** Opening Data for processing block **

(* For every $l\ge0$, $a=1,\dots,p_1$, $b=1,\dots,p_2$: $$zA^{(l)}_a(z)=\sum_{k=-N_2}^{N_1}J_k(l)A^{(l+k)}_a(z),\qquad zC^{(l)}_b(z)-c_b^{(l)}=\sum_{k=-N_2}^{N_1}J_k(l)C^{(l+k)}_b(z),$$ $$z\bar A^{(l)}_b(z)=\sum_{k=-N_2}^{N_1}J_k(l-k)\bar A^{(l-k)}_b(z),\qquad z\bar C^{(l)}_a(z)-\bar c_a^{(l)}=\sum_{k=-N_2}^{N_1}J_k(l-k)\bar C^{(l-k)}_a(z),$$ where terms with a negative superscript or negative argument are zero.
   Context: Setting: $\mu$ finite Borel measure on an interval, weights $w_{1,a}$ ($a\le p_1$), $w_{2,b}$ ($b\le p_2$), compositions $\vec n_\ell=(n_{\ell,1},\dots,n_{\ell,p_\ell})\in\mathbb N^{p_\ell}$; each $i\in\mathbb Z_+$ is uniquely $i=q|\vec n_\ell|+n_{\ell,1}+\dots+n_{\ell,a-1}+r$ ($0\le r<n_{\ell,a}$), $a_\ell(i)=a$, $k_\ell(i)=qn_{\ell,a}+r$; moment matrix $g_{i,j}=\int x^{k_1(i)+k_2(j)}w_{1,a_1(i)}w_{2,a_2(j)}d\mu$, assumed to factor as $g=S^{-1}\bar S$ ($S$ unit lower triangular, $\bar S$ upper triangular invertible). $e_{\ell,a}(k)=e_i$ with $a_\ell(i)=a,k_\ell(i)=k$; $\Lambda_{\ell,a}=\sum_ke_{\ell,a}(k)e_{\ell,a}(k+1)^\top$, $\Upsilon_\ell=\sum_a\Lambda_{\ell,a}$; $J=S\Upsilon_1S^{-1}=\bar S\Upsilon_2^\top\bar S^{-1}$ and $J_k(l):=J_{l,l+k}$. $N_1=\max_a(|\vec n_1|-n_{1,a}+1)$, $N_2=\max_b(|\vec n_2|-n_{2,b}+1)$. $\chi_{\ell,a}(z)=\sum_ke_{\ell,a}(k)z^k$, $\chi^*_{\ell,a}(z)=z^{-1}\chi_{\ell,a}(z^{-1})$. $A^{(l)}_a$ is the $l$-th entry of $S\chi_{1,a}$, $\bar A^{(l)}_b$ the $l$-th entry of $(\bar S^{-1})^\top\chi_{2,b}$, $C^{(l)}_b$ the $l$-th entry of the formal series vector $\bar S\chi^*_{2,b}(z)$, $\bar C^{(l)}_a$ the $l$-th entry of $(S^{-1})^\top\chi^*_{1,a}(z)$; $c_b=\bar Se_{2,b}(0)$, $\bar c_a=(S^{-1})^\top e_{1,a}(0)$, with $l$-th entries $c^{(l)}_b$, $\bar c^{(l)}_a$. *)

theory Defs
  imports "HOL-Analysis.Analysis" "HOL-Computational_Algebra.Formal_Laurent_Series"
begin

text \<open>A composition is a function n :: nat => nat together with its length p;
  only the values n 1, ..., n p matter.  |n| = n 1 + ... + n p.\<close>

definition comp_ok :: "(nat \<Rightarrow> nat) \<Rightarrow> nat \<Rightarrow> bool" where
  "comp_ok n p \<longleftrightarrow> p \<ge> 1 \<and> (\<forall>a\<in>{1..p}. n a > 0)"

definition comp_size :: "(nat \<Rightarrow> nat) \<Rightarrow> nat \<Rightarrow> nat" where
  "comp_size n p = (\<Sum>a=1..p. n a)"

definition decomp :: "(nat \<Rightarrow> nat) \<Rightarrow> nat \<Rightarrow> nat \<Rightarrow> nat \<times> nat \<times> nat" where
  "decomp n p i = (THE (q, a, r). 1 \<le> a \<and> a \<le> p \<and> r < n a \<and>
       i = q * comp_size n p + (\<Sum>a'\<in>{1..<a}. n a') + r)"

definition aidx :: "(nat \<Rightarrow> nat) \<Rightarrow> nat \<Rightarrow> nat \<Rightarrow> nat" where
  "aidx n p i = (case decomp n p i of (q, a, r) \<Rightarrow> a)"

definition kidx :: "(nat \<Rightarrow> nat) \<Rightarrow> nat \<Rightarrow> nat \<Rightarrow> nat" where
  "kidx n p i = (case decomp n p i of (q, a, r) \<Rightarrow> q * n a + r)"

text \<open>e_{l,a}(k) = e_i with a(i) = a, k(i) = k; we record the index i.\<close>
definition eidx :: "(nat \<Rightarrow> nat) \<Rightarrow> nat \<Rightarrow> nat \<Rightarrow> nat \<Rightarrow> nat" where
  "eidx n p a k = (THE i. aidx n p i = a \<and> kidx n p i = k)"

definition Nbd :: "(nat \<Rightarrow> nat) \<Rightarrow> nat \<Rightarrow> nat" where
  "Nbd n p = Max ((\<lambda>a. comp_size n p - n a + 1) ` {1..p})"

type_synonym imat = "nat \<Rightarrow> nat \<Rightarrow> real"

text \<open>Product of semi-infinite matrices, (A B)_{ij} = sum_k A_{ik} B_{kj}
  (all products used below involve only finitely many nonzero terms).\<close>
definition mat_mult :: "imat \<Rightarrow> imat \<Rightarrow> imat" where
  "mat_mult A B = (\<lambda>i j. infsum (\<lambda>k. A i k * B k j) UNIV)"

definition mat_id :: imat where
  "mat_id = (\<lambda>i j. if i = j then 1 else 0)"

definition lower_tri :: "imat \<Rightarrow> bool" where
  "lower_tri M \<longleftrightarrow> (\<forall>i j. i < j \<longrightarrow> M i j = 0)"

definition upper_tri :: "imat \<Rightarrow> bool" where
  "upper_tri M \<longleftrightarrow> (\<forall>i j. j < i \<longrightarrow> M i j = 0)"

definition lt_inv :: "imat \<Rightarrow> imat" where
  "lt_inv M = (THE N. lower_tri N \<and> mat_mult M N = mat_id \<and> mat_mult N M = mat_id)"

definition ut_inv :: "imat \<Rightarrow> imat" where
  "ut_inv M = (THE N. upper_tri N \<and> mat_mult M N = mat_id \<and> mat_mult N M = mat_id)"

definition Lambda :: "(nat \<Rightarrow> nat) \<Rightarrow> nat \<Rightarrow> nat \<Rightarrow> imat" where
  "Lambda n p a = (\<lambda>i j. if \<exists>k. i = eidx n p a k \<and> j = eidx n p a (Suc k) then 1 else 0)"

definition Upsilon :: "(nat \<Rightarrow> nat) \<Rightarrow> nat \<Rightarrow> imat" where
  "Upsilon n p = (\<lambda>i j. \<Sum>a=1..p. Lambda n p a i j)"

definition moment_mat ::
  "real measure \<Rightarrow> (nat \<Rightarrow> real \<Rightarrow> real) \<Rightarrow> (nat \<Rightarrow> real \<Rightarrow> real)
   \<Rightarrow> (nat \<Rightarrow> nat) \<Rightarrow> nat \<Rightarrow> (nat \<Rightarrow> nat) \<Rightarrow> nat \<Rightarrow> imat" where
  "moment_mat \<mu> w1 w2 n1 p1 n2 p2 = (\<lambda>i j.
     integral\<^sup>L \<mu> (\<lambda>x. x ^ (kidx n1 p1 i + kidx n2 p2 j)
                      * w1 (aidx n1 p1 i) x * w2 (aidx n2 p2 j) x))"

text \<open>Polynomials in z and formal series in z^{-1} are both represented as
  real formal Laurent series in the variable X = z^{-1}; thus z = X^{-1}.\<close>
definition zvar :: "real fls" where "zvar = fls_X_inv"
definition zinv :: "real fls" where "zinv = fls_X"

definition zinv_series :: "(nat \<Rightarrow> real) \<Rightarrow> real fls" where
  "zinv_series f = fps_to_fls (Abs_fps f)"

definition Jmat :: "imat \<Rightarrow> (nat \<Rightarrow> nat) \<Rightarrow> nat \<Rightarrow> imat" where
  "Jmat S n1 p1 = mat_mult (mat_mult S (Upsilon n1 p1)) (lt_inv S)"

definition Jk :: "imat \<Rightarrow> int \<Rightarrow> int \<Rightarrow> real" where
  "Jk J k l = (if l < 0 \<or> l + k < 0 then 0 else J (nat l) (nat (l + k)))"

text \<open>A^{(l)}_a = l-th entry of S chi_{1,a} (S lower triangular, so only indices <= l occur).\<close>
definition Apol :: "imat \<Rightarrow> (nat \<Rightarrow> nat) \<Rightarrow> nat \<Rightarrow> nat \<Rightarrow> int \<Rightarrow> real fls" where
  "Apol S n1 p1 a l = (if l < 0 then 0 else
     (\<Sum>k\<in>{k. eidx n1 p1 a k \<le> nat l}. fls_const (S (nat l) (eidx n1 p1 a k)) * zvar ^ k))"

text \<open>Abar^{(l)}_b = l-th entry of (Sbar^{-1})^T chi_{2,b} (Sbar^{-1} upper triangular).\<close>
definition Abarpol :: "imat \<Rightarrow> (nat \<Rightarrow> nat) \<Rightarrow> nat \<Rightarrow> nat \<Rightarrow> int \<Rightarrow> real fls" where
  "Abarpol Sb n2 p2 b l = (if l < 0 then 0 else
     (\<Sum>k\<in>{k. eidx n2 p2 b k \<le> nat l}. fls_const (ut_inv Sb (eidx n2 p2 b k) (nat l)) * zvar ^ k))"

text \<open>C^{(l)}_b = l-th entry of Sbar chi*_{2,b}(z) = sum_k Sbar_{l, e_{2,b}(k)} z^{-k-1}.\<close>
definition Cser :: "imat \<Rightarrow> (nat \<Rightarrow> nat) \<Rightarrow> nat \<Rightarrow> nat \<Rightarrow> int \<Rightarrow> real fls" where
  "Cser Sb n2 p2 b l = (if l < 0 then 0 else
     zinv * zinv_series (\<lambda>k. Sb (nat l) (eidx n2 p2 b k)))"

text \<open>Cbar^{(l)}_a = l-th entry of (S^{-1})^T chi*_{1,a}(z) = sum_k (S^{-1})_{e_{1,a}(k), l} z^{-k-1}.\<close>
definition Cbarser :: "imat \<Rightarrow> (nat \<Rightarrow> nat) \<Rightarrow> nat \<Rightarrow> nat \<Rightarrow> int \<Rightarrow> real fls" where
  "Cbarser S n1 p1 a l = (if l < 0 then 0 else
     zinv * zinv_series (\<lambda>k. lt_inv S (eidx n1 p1 a k) (nat l)))"

definition cvec :: "imat \<Rightarrow> (nat \<Rightarrow> nat) \<Rightarrow> nat \<Rightarrow> nat \<Rightarrow> nat \<Rightarrow> real" where
  "cvec Sb n2 p2 b l = Sb l (eidx n2 p2 b 0)"

definition cbarvec :: "imat \<Rightarrow> (nat \<Rightarrow> nat) \<Rightarrow> nat \<Rightarrow> nat \<Rightarrow> nat \<Rightarrow> real" where
  "cbarvec S n1 p1 a l = lt_inv S (eidx n1 p1 a 0) l"

end

theory Submission
  imports Defs
begin

text \<open>The matrix J = S U1 S^-1 (U1, U2 the shift matrices Upsilon) satisfies J S = S U1,
  and, because the moment matrix g obeys the block Hankel symmetry U1 g = g U2^T, also
  J Sb = Sb U2^T; dually S^-1 J = U1 S^-1 and Sb^-1 J = U2^T Sb^-1.  Multiplication by z
  maps e_a(k) to e_a(k+1), so reading these four matrix identities along the columns
  (resp. rows) e_a(k) gives the four recurrences coefficientwise.  Comparing the two
  expressions S U1 S^-1 and Sb U2^T Sb^-1 of J with the triangularity of S and Sb, and using
  that U1, U2 move an index forward by at most N1, N2, shows that J is banded with N1
  superdiagonals and N2 subdiagonals, so the sums are finite.\<close>

section \<open>The index bijection of a composition\<close>

definition comp_offset :: "(nat \<Rightarrow> nat) \<Rightarrow> nat \<Rightarrow> nat" where
  "comp_offset n a = (\<Sum>a'\<in>{1..<a}. n a')"

lemma comp_offset_Suc: "1 \<le> a \<Longrightarrow> comp_offset n (Suc a) = comp_offset n a + n a"
  unfolding comp_offset_def by (simp add: add.commute)

lemma comp_offset_mono: "a \<le> a' \<Longrightarrow> comp_offset n a \<le> comp_offset n a'"
  unfolding comp_offset_def by (rule sum_mono2) auto

lemma comp_offset_Suc_length: "comp_offset n (Suc p) = comp_size n p"
  unfolding comp_offset_def comp_size_def by (rule sum.cong) auto

context
  fixes n :: "nat \<Rightarrow> nat" and p :: nat
  assumes comp: "comp_ok n p"
begin

lemma comp_length_pos: "1 \<le> p" and comp_part_pos: "a \<in> {1..p} \<Longrightarrow> 0 < n a"
  using comp unfolding comp_ok_def by auto

lemma comp_offset_add_part_le: "a \<in> {1..p} \<Longrightarrow> comp_offset n a + n a \<le> comp_size n p"
  using comp_offset_mono[of "Suc a" "Suc p" n] comp_offset_Suc[of a n]
  by (simp add: comp_offset_Suc_length)

lemma comp_size_pos: "0 < comp_size n p"
  using comp_offset_add_part_le[of 1] comp_part_pos[of 1] comp_length_pos by auto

** Closing Data for processing block **

▶ [What to produce]:
Filter the lines above, keeping each one that contains the string "longleftrightarrow".

▶ [Reply to the task]:
  "comp_ok n p \<longleftrightarrow> p \<ge> 1 \<and> (\<forall>a\<in>{1..p}. n a > 0)"
  "lower_tri M \<longleftrightarrow> (\<forall>i j. i < j \<longrightarrow> M i j = 0)"
  "upper_tri M \<longleftrightarrow> (\<forall>i j. j < i \<longrightarrow> M i j = 0)"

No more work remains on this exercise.